What you have to do
Each record below must be returned exactly as shown.
___ Provided entries
lemma H2_lincomb:
  assumes f: "f \<in> H2" and g: "g \<in> H2"
  shows "(\<lambda>z. f z + c * g z) \<in> H2"
  unfolding H2_def
proof (intro CollectI conjI allI impI)
  show "(\<lambda>z. f z + c * g z) holomorphic_on ball 0 1"
    using H2_holomorphic[OF f] H2_holomorphic[OF g] by (auto intro!: holomorphic_intros)
  show "f z + c * g z = 0" if "z \<notin> ball 0 1" for z
    using f g that by (simp add: H2_outside)
  have "summable (\<lambda>n. 2 * (norm (h2_coeff f n))\<^sup>2 + 2 * (norm c)\<^sup>2 * (norm (h2_coeff g n))\<^sup>2)"
    using f g by (intro summable_add summable_mult H2_summable_coeff)
  then show "summable (\<lambda>n. (norm (h2_coeff (\<lambda>z. f z + c * g z) n))\<^sup>2)"
    unfolding h2_coeff_lincomb[OF H2_holomorphic[OF f] H2_holomorphic[OF g]]
    by (rule summable_comparison_test') (simp add: norm_lincomb_square_le)
qed

lemma H2_sums: "f \<in> H2 \<Longrightarrow> z \<in> ball 0 1 \<Longrightarrow> (\<lambda>n. h2_coeff f n * z ^ n) sums f z"
  using holomorphic_power_series[OF H2_holomorphic] by (simp add: h2_coeff_def)

lemma h2_norm_square: "f \<in> H2 \<Longrightarrow> (h2_norm f)\<^sup>2 = (\<Sum>n. (norm (h2_coeff f n))\<^sup>2)"
  unfolding h2_norm_def by (simp add: suminf_nonneg H2_summable_coeff)

lemma h2_norm_eq_0_imp_zero:
  assumes f: "f \<in> H2" and "h2_norm f = 0"
  shows "f = (\<lambda>z. 0)"
proof
  fix z
  have "(\<Sum>n. (norm (h2_coeff f n))\<^sup>2) = 0"
    using assms h2_norm_square by force
  then have coeff: "h2_coeff f n = 0" for n
    using suminf_eq_zero_iff[OF H2_summable_coeff[OF f]] by auto
  show "f z = 0"
  proof (cases "z \<in> ball 0 1")
    case True
    then show ?thesis
      using H2_sums[OF f True] sums_zero by (simp add: coeff sums_unique2)
  next
    case False
    then show ?thesis
      using f by (simp add: H2_outside)
  qed
qed

lemma h2_inner_polarization:
  assumes f: "f \<in> H2" and g: "g \<in> H2"
  shows "h2_inner f g = (\<Sum>k<4. \<i> ^ k * (h2_norm (\<lambda>z. f z + \<i> ^ k * g z))\<^sup>2) / 4"
proof -
  have coeff: "h2_coeff (\<lambda>z. f z + c * g z) n = h2_coeff f n + c * h2_coeff g n" for c n
    using f g by (intro h2_coeff_lincomb H2_holomorphic)
  have "(\<lambda>n. (norm (h2_coeff f n + c * h2_coeff g n))\<^sup>2) sums (h2_norm (\<lambda>z. f z + c * g z))\<^sup>2" for c
    using H2_summable_coeff[OF H2_lincomb[OF f g]] h2_norm_square[OF H2_lincomb[OF f g]]
    by (simp add: coeff summable_sums)
  then have "(\<lambda>n. (\<Sum>k<4. \<i> ^ k * (norm (h2_coeff f n + \<i> ^ k * h2_coeff g n))\<^sup>2) / 4) sums
      ((\<Sum>k<4. \<i> ^ k * (h2_norm (\<lambda>z. f z + \<i> ^ k * g z))\<^sup>2) / 4)"
    by (intro sums_divide sums_sum sums_mult sums_of_real)
  then show ?thesis
    unfolding h2_inner_def polarization_identity by (rule sums_unique[symmetric])
qed

lemma h2_coeff_kernel: "h2_coeff (kernel \<alpha>) n = cnj \<alpha> ^ n"
proof -
  have "kernel \<alpha> has_fps_expansion Abs_fps (\<lambda>n. cnj \<alpha> ^ n)"
  proof (rule has_fps_expansionI)
    have "eventually (\<lambda>u. u \<in> ball 0 (1 / (norm \<alpha> + 1))) (nhds (0::complex))"
      by (intro eventually_nhds_in_open) (auto simp: add_nonneg_pos)
    then show "eventually (\<lambda>u. (\<lambda>n. fps_nth (Abs_fps (\<lambda>n. cnj \<alpha> ^ n)) n * u ^ n)
        sums kernel \<alpha> u) (nhds 0)"
    proof eventually_elim
      case (elim u)
      have "0 < 1 + norm \<alpha>"
        by (simp add: add_pos_nonneg)
      with elim have "norm u + norm \<alpha> * norm u < 1"
        by (simp add: less_divide_eq add.commute algebra_simps)
      moreover have "0 \<le> norm \<alpha> * norm u"
        by simp
      ultimately have "norm \<alpha> * norm u < 1" "norm u < 1"
        using norm_ge_zero[of u] by linarith+
      then show ?case
        using geometric_sums[of "cnj \<alpha> * u"]
        by (simp add: kernel_def norm_mult power_mult_distrib)
    qed
  qed
  from fps_nth_fps_expansion[OF this, of n] show ?thesis
    by (simp add: h2_coeff_def)
qed

lemma kernel_in_H2:
  assumes "norm \<alpha> < 1"
  shows "kernel \<alpha> \<in> H2"
  unfolding H2_def
proof (intro CollectI conjI allI impI)
  have "cnj \<alpha> * z \<noteq> 1" if "z \<in> ball 0 1" for z
  proof -
    have "norm (cnj \<alpha> * z) < 1"
      using mult_strict_mono'[of "norm \<alpha>" 1 "norm z" 1] assms that by (simp add: norm_mult)
    then show ?thesis
      by auto
  qed
  then have "(\<lambda>z. 1 / (1 - cnj \<alpha> * z)) holomorphic_on ball 0 1"
    by (auto intro!: holomorphic_intros)
  then show "kernel \<alpha> holomorphic_on ball 0 1"
    by (rule holomorphic_transform) (simp add: kernel_def)
  show "kernel \<alpha> z = 0" if "z \<notin> ball 0 1" for z
    using that by (simp add: kernel_def)
  have "summable (\<lambda>n. ((norm \<alpha>)\<^sup>2) ^ n)"
    using assms by (intro summable_geometric) (simp add: abs_square_less_1)
  then show "summable (\<lambda>n. (norm (h2_coeff (kernel \<alpha>) n))\<^sup>2)"
    by (simp add: h2_coeff_kernel norm_power power_mult[symmetric] mult.commute)
qed

lemma h2_inner_kernel:
  assumes "f \<in> H2" "norm \<alpha> < 1"
  shows "h2_inner f (kernel \<alpha>) = f \<alpha>"
  using H2_sums[OF assms(1), of \<alpha>] assms(2)
  by (simp add: h2_inner_def h2_coeff_kernel sums_iff)

definition l2_inner :: "(real \<Rightarrow> complex) \<Rightarrow> (real \<Rightarrow> complex) \<Rightarrow> complex" where
  "l2_inner f g = (LINT x:{0..1}|lborel. f x * cnj (g x))"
______
Solution for this task
lemma H2_lincomb:
  assumes f: "f \<in> H2" and g: "g \<in> H2"
  shows "(\<lambda>z. f z + c * g z) \<in> H2"
  unfolding H2_def
proof (intro CollectI conjI allI impI)
  show "(\<lambda>z. f z + c * g z) holomorphic_on ball 0 1"
    using H2_holomorphic[OF f] H2_holomorphic[OF g] by (auto intro!: holomorphic_intros)
  show "f z + c * g z = 0" if "z \<notin> ball 0 1" for z
    using f g that by (simp add: H2_outside)
  have "summable (\<lambda>n. 2 * (norm (h2_coeff f n))\<^sup>2 + 2 * (norm c)\<^sup>2 * (norm (h2_coeff g n))\<^sup>2)"
    using f g by (intro summable_add summable_mult H2_summable_coeff)
  then show "summable (\<lambda>n. (norm (h2_coeff (\<lambda>z. f z + c * g z) n))\<^sup>2)"
    unfolding h2_coeff_lincomb[OF H2_holomorphic[OF f] H2_holomorphic[OF g]]
    by (rule summable_comparison_test') (simp add: norm_lincomb_square_le)
qed

lemma H2_sums: "f \<in> H2 \<Longrightarrow> z \<in> ball 0 1 \<Longrightarrow> (\<lambda>n. h2_coeff f n * z ^ n) sums f z"
  using holomorphic_power_series[OF H2_holomorphic] by (simp add: h2_coeff_def)

lemma h2_norm_square: "f \<in> H2 \<Longrightarrow> (h2_norm f)\<^sup>2 = (\<Sum>n. (norm (h2_coeff f n))\<^sup>2)"
  unfolding h2_norm_def by (simp add: suminf_nonneg H2_summable_coeff)

lemma h2_norm_eq_0_imp_zero:
  assumes f: "f \<in> H2" and "h2_norm f = 0"
  shows "f = (\<lambda>z. 0)"
proof
  fix z
  have "(\<Sum>n. (norm (h2_coeff f n))\<^sup>2) = 0"
    using assms h2_norm_square by force
  then have coeff: "h2_coeff f n = 0" for n
    using suminf_eq_zero_iff[OF H2_summable_coeff[OF f]] by auto
  show "f z = 0"
  proof (cases "z \<in> ball 0 1")
    case True
    then show ?thesis
      using H2_sums[OF f True] sums_zero by (simp add: coeff sums_unique2)
  next
    case False
    then show ?thesis
      using f by (simp add: H2_outside)
  qed
qed

lemma h2_inner_polarization:
  assumes f: "f \<in> H2" and g: "g \<in> H2"
  shows "h2_inner f g = (\<Sum>k<4. \<i> ^ k * (h2_norm (\<lambda>z. f z + \<i> ^ k * g z))\<^sup>2) / 4"
proof -
  have coeff: "h2_coeff (\<lambda>z. f z + c * g z) n = h2_coeff f n + c * h2_coeff g n" for c n
    using f g by (intro h2_coeff_lincomb H2_holomorphic)
  have "(\<lambda>n. (norm (h2_coeff f n + c * h2_coeff g n))\<^sup>2) sums (h2_norm (\<lambda>z. f z + c * g z))\<^sup>2" for c
    using H2_summable_coeff[OF H2_lincomb[OF f g]] h2_norm_square[OF H2_lincomb[OF f g]]
    by (simp add: coeff summable_sums)
  then have "(\<lambda>n. (\<Sum>k<4. \<i> ^ k * (norm (h2_coeff f n + \<i> ^ k * h2_coeff g n))\<^sup>2) / 4) sums
      ((\<Sum>k<4. \<i> ^ k * (h2_norm (\<lambda>z. f z + \<i> ^ k * g z))\<^sup>2) / 4)"
    by (intro sums_divide sums_sum sums_mult sums_of_real)
  then show ?thesis
    unfolding h2_inner_def polarization_identity by (rule sums_unique[symmetric])
qed

lemma h2_coeff_kernel: "h2_coeff (kernel \<alpha>) n = cnj \<alpha> ^ n"
proof -
  have "kernel \<alpha> has_fps_expansion Abs_fps (\<lambda>n. cnj \<alpha> ^ n)"
  proof (rule has_fps_expansionI)
    have "eventually (\<lambda>u. u \<in> ball 0 (1 / (norm \<alpha> + 1))) (nhds (0::complex))"
      by (intro eventually_nhds_in_open) (auto simp: add_nonneg_pos)
    then show "eventually (\<lambda>u. (\<lambda>n. fps_nth (Abs_fps (\<lambda>n. cnj \<alpha> ^ n)) n * u ^ n)
        sums kernel \<alpha> u) (nhds 0)"
    proof eventually_elim
      case (elim u)
      have "0 < 1 + norm \<alpha>"
        by (simp add: add_pos_nonneg)
      with elim have "norm u + norm \<alpha> * norm u < 1"
        by (simp add: less_divide_eq add.commute algebra_simps)
      moreover have "0 \<le> norm \<alpha> * norm u"
        by simp
      ultimately have "norm \<alpha> * norm u < 1" "norm u < 1"
        using norm_ge_zero[of u] by linarith+
      then show ?case
        using geometric_sums[of "cnj \<alpha> * u"]
        by (simp add: kernel_def norm_mult power_mult_distrib)
    qed
  qed
  from fps_nth_fps_expansion[OF this, of n] show ?thesis
    by (simp add: h2_coeff_def)
qed

lemma kernel_in_H2:
  assumes "norm \<alpha> < 1"
  shows "kernel \<alpha> \<in> H2"
  unfolding H2_def
proof (intro CollectI conjI allI impI)
  have "cnj \<alpha> * z \<noteq> 1" if "z \<in> ball 0 1" for z
  proof -
    have "norm (cnj \<alpha> * z) < 1"
      using mult_strict_mono'[of "norm \<alpha>" 1 "norm z" 1] assms that by (simp add: norm_mult)
    then show ?thesis
      by auto
  qed
  then have "(\<lambda>z. 1 / (1 - cnj \<alpha> * z)) holomorphic_on ball 0 1"
    by (auto intro!: holomorphic_intros)
  then show "kernel \<alpha> holomorphic_on ball 0 1"
    by (rule holomorphic_transform) (simp add: kernel_def)
  show "kernel \<alpha> z = 0" if "z \<notin> ball 0 1" for z
    using that by (simp add: kernel_def)
  have "summable (\<lambda>n. ((norm \<alpha>)\<^sup>2) ^ n)"
    using assms by (intro summable_geometric) (simp add: abs_square_less_1)
  then show "summable (\<lambda>n. (norm (h2_coeff (kernel \<alpha>) n))\<^sup>2)"
    by (simp add: h2_coeff_kernel norm_power power_mult[symmetric] mult.commute)
qed

lemma h2_inner_kernel:
  assumes "f \<in> H2" "norm \<alpha> < 1"
  shows "h2_inner f (kernel \<alpha>) = f \<alpha>"
  using H2_sums[OF assms(1), of \<alpha>] assms(2)
  by (simp add: h2_inner_def h2_coeff_kernel sums_iff)

definition l2_inner :: "(real \<Rightarrow> complex) \<Rightarrow> (real \<Rightarrow> complex) \<Rightarrow> complex" where
  "l2_inner f g = (LINT x:{0..1}|lborel. f x * cnj (g x))"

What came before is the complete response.